MusicMonday's SoundOfTheWeek: Following My Intuition - Craig David


When I first heard that Craig David was coming out with a new album, I must admit that I did wonder what it was going to sound like. If I'm brutally honest, I haven't liked a single release since Born To Do It barring the odd album cut (need I remind you of that awful ice cream flavour song *shudders*), and so I questioned whether this was going to be anything that I could really enjoy as much.



Listening to opening track Ain't Giving Up, a hardcore dance anthem that makes you yearn for Ibizan shores; I thought 'this isn't too bad, nothing to offend my ears here'. In fact, I marveled at the fuller, richer sound of his voice. David seems to have developed a smoother texture that I don't remember in previous years - and I liked it.

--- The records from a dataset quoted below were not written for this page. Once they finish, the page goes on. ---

(* Let $\Omega$ be a finite set, $k\geq3$, $\Psi$ a finite nonempty set of functions $\Omega^k\to(0,\infty)$ and $\Psi^*=\{\psi^J:\psi\in\Psi,\,J\subset[k]\}$. For every integer $L>0$ and every $\alpha>0$ there exist $\varepsilon=\varepsilon(\alpha,L,\Psi)>0$ and $n_0=n_0(\varepsilon,L)$ such that the following holds. Let $G$ be a factor graph with $n>n_0$ variable nodes all of whose weight functions lie in $\Psi^*$, and suppose $\mu_G$ is $(\varepsilon,2)$-symmetric. Let $G^+$ be obtained from $G$ by adding $L$ constraint nodes $b_1,\ldots,b_L$ with arbitrary neighbourhoods and arbitrary weight functions $\psi_{b_1},\ldots,\psi_{b_L}\in\Psi^*$. Then $\mu_{G^+}$ is $(\alpha,2)$-symmetric and $$\sum_{x\in V(G)}\left\|\mu_{G,x}-\mu_{G^+,x}\right\|_{TV}<\alpha n.$$
   Context: Factor graphs: a factor graph $G$ has variable nodes $V(G)$, constraint nodes $F(G)$, for each $a\in F(G)$ an ordered tuple $\partial a$ of variable nodes and a weight function $\psi_a:\Omega^{|\partial a|}\to(0,\infty)$; its Gibbs measure is $\mu_G(\sigma)=Z_G^{-1}\prod_a\psi_a(\sigma(\partial a))$ on $\Omega^{V(G)}$, and $\mu_{G,x}$ is the marginal of $x$. For $\psi:\Omega^k\to(0,\infty)$ and $J\subset[k]$, $\psi^J:\Omega^J\to(0,\infty)$ is $\psi^J((\sigma_j)_{j\in J})=|\Omega|^{|J|-k}\sum_{(\sigma_j)_{j\notin J}\in\Omega^{k-|J|}}\psi(\sigma_1,\ldots,\sigma_k)$. For a probability measure $\mu$ on $\Omega^n$ (coordinates identified with the $n$ variable nodes), $\mu_x$ and $\mu_{x,y}$ denote its one- and two-coordinate marginals; $\mu$ is $(\varepsilon,2)$-symmetric if $\sum_{x,y\in[n]}\|\mu_{x,y}-\mu_x\otimes\mu_y\|_{TV}<\varepsilon n^2$. *)

theory Defs
  imports Complex_Main "HOL-Library.FuncSet"
begin

text \<open>The spin set Omega is a finite type 'o. A k-ary weight function is a function on
  lists (tuples) of spins; only its values on lists of the right length matter.\<close>

text \<open>psi^J for J a subset of {0..<k}: the tuple (sigma_j)_{j in J} is listed in increasing
  order of j, which is exactly nths sigma J.\<close>
definition psiJ :: "nat \<Rightarrow> ('o::finite list \<Rightarrow> real) \<Rightarrow> nat set \<Rightarrow> 'o list \<Rightarrow> real" where
  "psiJ k \<psi> J \<tau> = real (card (UNIV :: 'o set)) powr (real (card J) - real k) *
     (\<Sum>\<sigma>\<in>{\<sigma>. length \<sigma> = k \<and> nths \<sigma> J = \<tau>}. \<psi> \<sigma>)"

definition psi_star :: "nat \<Rightarrow> ('o::finite list \<Rightarrow> real) set \<Rightarrow> (('o list \<Rightarrow> real) \<times> nat) set" where
  "psi_star k \<Psi> = {(psiJ k \<psi> J, card J) | \<psi> J. \<psi> \<in> \<Psi> \<and> J \<subseteq> {..<k}}"

text \<open>A factor graph with variable nodes {0..<n} is given by n together with the list of its
  constraint nodes; each constraint node is a pair (neighbourhood tuple, weight function).\<close>
type_synonym 'o constraints = "(nat list \<times> ('o list \<Rightarrow> real)) list"

definition valid_fg :: "nat \<Rightarrow> (('o list \<Rightarrow> real) \<times> nat) set \<Rightarrow> 'o constraints \<Rightarrow> bool" where
  "valid_fg n W G = (\<forall>(d, \<psi>) \<in> set G. set d \<subseteq> {..<n} \<and> (\<psi>, length d) \<in> W)"

definition configs :: "nat \<Rightarrow> (nat \<Rightarrow> 'o) set" where
  "configs n = PiE {..<n} (\<lambda>_. UNIV)"
lemma weak_conv_weighted_sum_diff:
  fixes A B :: "nat \<Rightarrow> nat \<Rightarrow> nat set" and c :: "nat \<Rightarrow> nat \<Rightarrow> real" and K :: nat
  defines "N n \<equiv> \<Sum>k<K. card (A n k)"
  assumes s2: "s2 > 0" and v: "v > 0"
    and fin: "\<And>n k. k < K \<Longrightarrow> finite (A n k)" "\<And>n k. k < K \<Longrightarrow> finite (B n k)"
    and disj: "\<And>n. disjoint_family_on (\<lambda>k. A n k \<union> B n k) {..<K}"
      "\<And>n k. k < K \<Longrightarrow> A n k \<inter> B n k = {}"
    and card: "\<And>n k. k < K \<Longrightarrow> card (A n k) = card (B n k)"
    and N: "filterlim N at_top sequentially"
    and c: "\<And>k. k < K \<Longrightarrow> (\<lambda>n. card (A n k) * (c n k - sqrt v / sqrt (2 * s2 * N n))\<^sup>2) \<longlonglongrightarrow> 0"
  shows "weak_conv_m (\<lambda>n. distr M borel
           (\<lambda>\<omega>. \<Sum>k<K. c n k * ((\<Sum>i\<in>A n k. \<zeta> i \<omega>) - (\<Sum>i\<in>B n k. \<zeta> i \<omega>)))) (gauss0 v)"
proof -
  define r where "r n = sqrt v / sqrt (2 * s2 * N n)" for n
  define AU where "AU n = (\<Union>k<K. A n k)" for n
  define BU where "BU n = (\<Union>k<K. B n k)" for n
  have disjA: "disjoint_family_on (A n) {..<K}" and disjB: "disjoint_family_on (B n) {..<K}" for n
    using disj(1)[of n] unfolding disjoint_family_on_def by blast+
  have disjAB: "A n k \<inter> B n k' = {}" if "k < K" "k' < K" for n k k'
    using disj(1)[of n] disj(2)[OF that(1)] that
    unfolding disjoint_family_on_def by (cases "k = k'") blast+
  have sumU: "(\<Sum>i\<in>AU n. \<zeta> i \<omega>) = (\<Sum>k<K. \<Sum>i\<in>A n k. \<zeta> i \<omega>)"
    "(\<Sum>i\<in>BU n. \<zeta> i \<omega>) = (\<Sum>k<K. \<Sum>i\<in>B n k. \<zeta> i \<omega>)" for n \<omega>
    unfolding AU_def BU_def using fin disjA disjB by (auto intro: sum.UNION_disjoint_family)
  have cardU: "card (AU n) = N n" "card (BU n) = N n" for n
    unfolding AU_def BU_def N_def
    using card_UN_disjoint'[OF disjA] card_UN_disjoint'[OF disjB] fin card by simp_all
  have CLT: "weak_conv_m (\<lambda>n. distr M borel
      (\<lambda>\<omega>. ((\<Sum>i\<in>AU n. \<zeta> i \<omega>) - (\<Sum>i\<in>BU n. \<zeta> i \<omega>)) * r n)) (gauss0 v)"
    unfolding r_def
    by (rule weak_conv_sum_diff[OF s2 v _ _ _ cardU N])
      (use fin disjAB in \<open>auto simp: AU_def BU_def disjoint_iff\<close>)
  define corr where
    "corr n \<omega> = (\<Sum>k<K. (c n k - r n) * ((\<Sum>i\<in>A n k. \<zeta> i \<omega>) - (\<Sum>i\<in>B n k. \<zeta> i \<omega>)))" for n \<omega>
  have split: "(\<Sum>k<K. c n k * ((\<Sum>i\<in>A n k. \<zeta> i \<omega>) - (\<Sum>i\<in>B n k. \<zeta> i \<omega>)))
      = ((\<Sum>i\<in>AU n. \<zeta> i \<omega>) - (\<Sum>i\<in>BU n. \<zeta> i \<omega>)) * r n + corr n \<omega>" for n \<omega>
  proof -
    have "corr n \<omega> = (\<Sum>k<K. c n k * ((\<Sum>i\<in>A n k. \<zeta> i \<omega>) - (\<Sum>i\<in>B n k. \<zeta> i \<omega>)))
        - (\<Sum>k<K. r n * ((\<Sum>i\<in>A n k. \<zeta> i \<omega>) - (\<Sum>i\<in>B n k. \<zeta> i \<omega>)))"
      unfolding corr_def left_diff_distrib sum_subtractf ..
    also have "(\<Sum>k<K. r n * ((\<Sum>i\<in>A n k. \<zeta> i \<omega>) - (\<Sum>i\<in>B n k. \<zeta> i \<omega>)))
        = ((\<Sum>i\<in>AU n. \<zeta> i \<omega>) - (\<Sum>i\<in>BU n. \<zeta> i \<omega>)) * r n"
      unfolding sumU sum_distrib_left[symmetric] sum_subtractf by (rule mult.commute)
    finally show ?thesis by simp
  qed
  have "oP1 M corr"
    unfolding corr_def using c unfolding r_def
    by (intro oP1_weighted_sum_diff[OF fin disj card]) auto
  from weak_conv_m_add_oP1[OF _ CLT real_distribution_gauss0 this]
  show ?thesis unfolding split by simp
qed

end

section \<open>Held-out averages of conditionally i.i.d. terms\<close>

lemma measurable_PiM_UNIV:
  assumes "\<And>i. (\<lambda>\<omega>. f \<omega> i) \<in> measurable N (Mi i)"
  shows "f \<in> measurable N (PiM UNIV Mi)"
proof -
  have "(\<lambda>\<omega> i. f \<omega> i) \<in> measurable N (PiM UNIV Mi)"
    by (rule measurable_PiM_single') (use assms measurable_space[OF assms] in \<open>auto simp: PiE_def extensional_def\<close>)
  then show ?thesis by simp
qed

lemma indep_vars_PiM_coordinates:
  assumes P: "prob_space P"
  shows "prob_space.indep_vars (PiM J (\<lambda>_. P)) (\<lambda>_. P) (\<lambda>i w. w i) J"
proof -
  interpret PJ: prob_space "PiM J (\<lambda>_. P)" by (rule prob_space_PiM) (use P in auto)
  show ?thesis
  proof (cases "J = {}")
    case True then show ?thesis
      unfolding PJ.indep_vars_def PJ.indep_sets_def by auto
  next
    case False
    have rv: "PJ.random_variable P (\<lambda>w. w i)" if "i \<in> J" for i
      using that by measurable
    have "distr (PiM J (\<lambda>_. P)) (PiM J (\<lambda>_. P)) (\<lambda>x. \<lambda>i\<in>J. x i) = distr (PiM J (\<lambda>_. P)) (PiM J (\<lambda>_. P)) (\<lambda>x. x)"
      by (rule distr_cong) (auto simp: space_PiM)
    also have "\<dots> = PiM J (\<lambda>_. P)" by simp
    also have "\<dots> = PiM J (\<lambda>i. distr (PiM J (\<lambda>_. P)) P (\<lambda>w. w i))"
    proof (rule PiM_cong)
      fix i assume "i \<in> J"
      then show "P = distr (PiM J (\<lambda>_. P)) P (\<lambda>w. w i)"
        using distr_PiM_component[of J "\<lambda>_. P" i] P by simp
    qed simp
    finally show ?thesis
      using PJ.indep_vars_iff_distr_eq_PiM'[OF False rv] by simp
  qed
qed

lemma PiM_coordinate_integral:
  fixes g :: "'z \<Rightarrow> real"
  assumes P: "prob_space P" and i: "i \<in> J" and g[measurable]: "g \<in> borel_measurable P"
  shows "(\<integral>w. g (w i) \<partial>PiM J (\<lambda>_. P)) = (\<integral>z. g z \<partial>P)"
    and "integrable (PiM J (\<lambda>_. P)) (\<lambda>w. g (w i)) \<longleftrightarrow> integrable P g"
proof -
  have d: "distr (PiM J (\<lambda>_. P)) P (\<lambda>w. w i) = P"
    by (rule distr_PiM_component) (use P i in auto)
  have m: "(\<lambda>w. w i) \<in> measurable (PiM J (\<lambda>_. P)) P" using i by measurable
  show "(\<integral>w. g (w i) \<partial>PiM J (\<lambda>_. P)) = (\<integral>z. g z \<partial>P)"
    using integral_distr[OF m, of g] d by simp
  show "integrable (PiM J (\<lambda>_. P)) (\<lambda>w. g (w i)) \<longleftrightarrow> integrable P g"
    using integrable_distr_eq[OF m, of g] d by simp
qed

It made the track sound sexier, and more inviting, until thoughts of my bikini body crept in and made me skip to the next track in colder climes.





When The Bassline Drops and Don't Go follow in much the same vein as the opener, the only variance being a slower intro for the latter. It isn't until you check the track information that you learn 16 is not a Fill Me In remix, but a recycled version (in a good, responsible 21st century consumer kind of way). With the addition of a brand new bassline that makes the original sound like a pale comparison, and a rap filler that reminds you that David also does that sort of thing, the new version is the best moment of the album up to that point.

Could It Be Mine is an annoyance to every female on the planet. Despite the nice production, the lyrics are arrogant stinkers of Usher Raymond proportions. Lamenting over the prospect of imminent fatherhood, rather than questioning why he didn't put a jimmy on it (I know he's old enough to remember TLC and all of Left Eye's condoms) - he's calling the poor female's virtue into question. There's a name for the kind of role he casts himself in during this song, but as a lady, I'm not going to publish it...Arsehole (oops, my bad, I forgot my ladylike ways behind the line of sisters wronged by these types of male children).




Attempting to make amends for his previous spineless efforts, One More Time is a dance banger that I imagine being huge in the clubs before week's end, and on the holiday shores all of next Summer. Out to save his relationship, it's a last chance saloon type of ditty. Taking the pace down, Change My Love is a nice, mellow pop song for those not entranced by the main dance theme. It's a nice change of pace that reminds you David is not a one trick pony. Before you can get too comfortable however, Nothing Like This takes us back to the floorfillers. Ever the romancer, this one is the borderline dance equivalent of the previously mentioned Usher's U Make Me Wanna.




Slowing down again, All We Needed is a piano-led ballad about a doomed love out of its time. It left me scratching my head through most of it, as I felt that the lyrics were quite ambiguous, and it was hard to tell who he was singing to until near the end? Louder Than Words begins with a Spanish guitar that matches the timbre of David's voice perfectly, before turning into a hard drum-led ballad that mimics the emotion of a downtrodden boyfriend badly treated by a scheming girlfriend.

What If is the standout album track for Yours Truly. The most RnB-led track, with a Walking Away throwback; David sings of possibly losing out on the love of his life because he let the opportunity pass him by. The production is absolutely stellar, and the vocals reach ultimate perfection with David's trademark harmonies in the background. Like A Fan is another ballad - although of a poppier tense. A shoe on the other foot track where the lady in question has him chasing his tail, he can't get over feeling like the females that he has given the run around in the past. After a one night stand, that beautiful thing called Karma came to bite him in his backside - class.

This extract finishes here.